Poirot considered the lengths to which one might go for one's brother, and he could see Meredith Blake being a dragon where his brother was concerned. How far might he go to ensure Carla Lemarchant did not move the case further? It was better to remove temptation from him also.

"I think I understand, M. Blake. I feel I should set your mind further to rest. The police, and especially the courts, they like not the theories, the inferences, the subtle psychologies. It is too abstract for them. They like their witnesses and dregs of poisons.

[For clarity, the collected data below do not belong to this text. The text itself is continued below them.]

(* Let $\mathcal{H}$ be a hypertree and $T$ a host tree of $\mathcal{H}$. Then $\mathcal{H}$ is a basic hypertree if and only if for every edge $uv$ of $T$ and every vertex $x\notin I_\mathcal{H}(uv)$ there exists a vertex $y$ such that some edge of $\mathcal{H}$ contains $\{u,v,y\}$ and no edge of $\mathcal{H}$ contains $\{x,y\}$. Equivalently, $\mathcal{H}$ is basic if and only if for every basic set $B$ of $\mathcal{H}$ and every vertex $x\notin B$ there exists a vertex $y$ such that some edge of $\mathcal{H}$ contains $B\cup\{y\}$ and no edge of $\mathcal{H}$ contains $\{x,y\}$.
   Context: A hypergraph $\mathcal{H}$ has a finite vertex set $V(\mathcal{H})$ and a finite family of nonempty subsets (edges). A host tree of $\mathcal{H}$ is a tree on $V(\mathcal{H})$ in which every edge induces a connected subgraph; a hypertree is a hypergraph with a host tree. Hypergraphs on the same vertex set are equivalent if they have the same host trees. $\mathcal{N}(\mathcal{H})$ is the hypergraph on $V(\mathcal{H})$ having, for each $v\in V(\mathcal{H})$, the edge equal to the union of all edges of $\mathcal{H}$ containing $v$. A basic hypertree is a hypertree $\mathcal{H}$ equivalent to $\mathcal{N}(\mathcal{H})$. For $V'\subseteq V(\mathcal{H})$, $I_\mathcal{H}(V')$ is the intersection of all edges containing $V'$, or $V(\mathcal{H})$ if none does; $I_\mathcal{H}(uv)=I_\mathcal{H}(\{u,v\})$. A union of sets is connected if the intersection graph of the sets is connected. $Comp(\mathcal{H})$ is the hypergraph without repeated edges on $V(\mathcal{H})$ whose edges are $V(\mathcal{H})$, all singletons, and all proper subsets obtainable from edges of $\mathcal{H}$ by repeated nonempty intersections and connected unions; a basic set of $\mathcal{H}$ is an edge of $Comp(\mathcal{H})$ with more than one vertex that is not a connected union of strictly smaller edges of $Comp(\mathcal{H})$. *)

theory Defs
  imports Main
begin
(* Consider the setting in the context, with window size $w$ and threshold $b>0$. If $\widehat{I}>0$, then the stopping time $\tau_u(b):=\inf\{n>w:U_n\ge b\}$ satisfies $\tau_u(b)<\infty$ almost surely under $\mathbb{P}_1$.
   Context: Let $X_1,X_2,\dots\in\mathbb{R}^d$ be independent; under $\mathbb{P}_1$ (change-point $\nu=1$, expectation $\mathbb{E}_1$) they are i.i.d. with density $p_1$; $p_0$ is a known density; both w.r.t. a dominating measure $\mu$. A fixed density estimation procedure maps a finite collection of observations to a density w.r.t. $\mu$; for a positive integer $w$ and $n>w$, $\widehat{p}^w_n$ is its output on $X_{n-w},\dots,X_{n-1}$. Let $\widehat{Z}^w_n:=\log(\widehat{p}^w_n(X_n)/p_0(X_n))$ for $n>w$, $\widehat{I}:=\mathbb{E}_1[\widehat{Z}^w_n]$ (the same for all $n>w$), and $U_1=\dots=U_w=0$, $U_n=U_{n-1}+\widehat{Z}^w_n$ for $n>w$. *)

theory Defs
  imports "HOL-Probability.Probability"
begin

definition Zhat :: "('b list \<Rightarrow> 'b \<Rightarrow> real) \<Rightarrow> ('b \<Rightarrow> real) \<Rightarrow> (nat \<Rightarrow> 'a \<Rightarrow> 'b) \<Rightarrow> nat \<Rightarrow> nat \<Rightarrow> 'a \<Rightarrow> real" where
  "Zhat est p0 X w n \<omega> = ln (est (map (\<lambda>i. X i \<omega>) [n - w..<n]) (X n \<omega>) / p0 (X n \<omega>))"
lemma L_col_mandatory_witnessed:
  assumes "e \<in> L_V" "f \<in> L_V" "e \<noteq> f"
  shows "mandatory_witnessed L_V L_col e f"
proof -
  obtain \<pi> where \<pi>: "inj_on \<pi> {0..<5}" "\<pi> ` {0..<5} \<subseteq> {0..<5}"
    and e: "relabel \<pi> base_edge = e"
    using L_V_relabel_transitive[OF assms(1)] .
  have into: "relabel \<pi> ` L_V \<subseteq> L_V"
    using relabel_in_L_V[OF \<pi>] by blast
  have col: "L_col (relabel \<pi> u) (relabel \<pi> v) = L_col u v" if "u \<in> L_V" "v \<in> L_V" for u v
    using that into by (simp add: L_col_eq line_dist_relabel[OF \<pi>(1)] relabel_in_L_V[OF \<pi>])
  have inj: "inj_on (relabel \<pi>) L_V"
  proof (rule inj_onI)
    fix u v assume "u \<in> L_V" "v \<in> L_V" "relabel \<pi> u = relabel \<pi> v"
    then show "u = v"
      using line_dist_relabel[OF \<pi>(1), of u v] line_dist_eq_0_iff by metis
  qed
  have "relabel \<pi> ` L_V = L_V"
    by (rule endo_inj_surj[OF finite_L_V into inj])
  then obtain f' where f': "f' \<in> L_V" "f = relabel \<pi> f'"
    using assms(2) by blast
  have base: "base_edge \<in> L_V"
    by (simp add: L_V_eq)
  have "mandatory_witnessed L_V L_col base_edge f'"
    using mandatory_witnessed_at_base_edge f' e assms(3) by blast
  then show ?thesis
    using mandatory_witnessed_automorphism[where \<sigma> = "relabel \<pi>" and col = L_col, OF into inj col base f'(1)] e f' by simp
qed

lemma dist_colour_eq_B_iff: "dist_colour n = B \<longleftrightarrow> n = 1"
  by (simp add: dist_colour_def)

lemma dist_colour_eq_C_iff: "dist_colour n = C \<longleftrightarrow> n \<noteq> 1 \<and> n \<noteq> 2"
  by (simp add: dist_colour_def)

lemma L_col_C_iff: "e \<in> L_V \<Longrightarrow> f \<in> L_V \<Longrightarrow> e \<noteq> f \<Longrightarrow> L_col e f = C \<longleftrightarrow> \<Union>e = \<Union>f"
  by (simp add: L_col_eq dist_colour_eq_C_iff line_dist_def)
lemma every_triple_iff_nth:
  "every_triple P xs \<longleftrightarrow> (\<forall>j. 0 < j \<and> j + 1 < length xs \<longrightarrow> P (xs ! (j - 1)) (xs ! j) (xs ! (j + 1)))"
proof (induction P xs rule: every_triple.induct)
  case (1 P x y z r)
  have split: "(\<forall>j. 0 < j \<and> j < Suc (Suc (length r)) \<longrightarrow> Q j) \<longleftrightarrow>
      Q 1 \<and> (\<forall>k. 0 < k \<and> k < Suc (length r) \<longrightarrow> Q (Suc k))" for Q :: "nat \<Rightarrow> bool"
    by (metis One_nat_def Suc_less_eq gr0_conv_Suc less_one linorder_neqE_nat zero_less_Suc)
  show ?case
    using split[of "\<lambda>j. P ((x # y # z # r) ! (j - 1)) ((x # y # z # r) ! j) ((x # y # z # r) ! (j + 1))"] 1
    by (auto simp: gr0_conv_Suc)
qed (auto simp: less_Suc_eq)

lemma every_triple_append:
  assumes "\<forall>x\<in>set xs. \<forall>z\<in>set ys. \<forall>y. P x y z"
  shows "every_triple P (xs @ ys) \<longleftrightarrow> every_triple P xs \<and> every_triple P ys"
  using assms
proof (induction xs)
  case (Cons x xs)
  show ?case
  proof (cases xs)
    case Nil
    then show ?thesis using Cons.prems by (cases ys; cases "tl ys") auto
  next
    case (Cons x' xs')
    then show ?thesis using Cons.IH Cons.prems by (cases xs'; cases ys) (auto simp: every_triple_Cons_Cons)
  qed
qed simp

definition peak_free :: "nat list \<Rightarrow> bool" where
  "peak_free = every_triple (\<lambda>x y z. \<not> (x \<le> y \<and> z < y))"

lemma peak_free_Cons_gt: "y < x \<Longrightarrow> peak_free (x # y # t) \<longleftrightarrow> peak_free (y # t)"
  unfolding peak_free_def by (simp add: every_triple_Cons_Cons)

lemma peak_free_Cons_le: "x \<le> y \<Longrightarrow> peak_free (x # y # t) \<longleftrightarrow> sorted (y # t)"
proof (induction t arbitrary: x y)
  case (Cons z t)
  then show ?case
    by (cases "y \<le> z") (auto simp: peak_free_def every_triple_Cons_Cons)
qed (simp add: peak_free_def)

There are none of these in this case, beyond the ones that have already convicted Carla Crale. Even if Mlle. Lemarchant tries to get the case reopened," Poirot did not tell the man that if she thought of it, Lady Dittisham might also try to do that if just to allieviate the emptiness she felt, "no court in Britain would hear her."

"You are sure, Mr. Poirot?

"Oui. Bien sûr."

"Thank you, Mr. Poirot." Meredith picked up his walking stick, and moved to end the interview. "I trust you will understand my meaning when I say it has been a pleasure to meet you again, and yet I hope our paths will not cross again."

"Of course, M. Blake. I think you may be safe in that also, unless we happen to pass at Lady Lytton-Gore house."

"Thank you again, Mr. Poirot." With that Meredith Blake left Poirot's consulting rooms and so ended Poirot's involvement with the tragic case of Caroline Crale.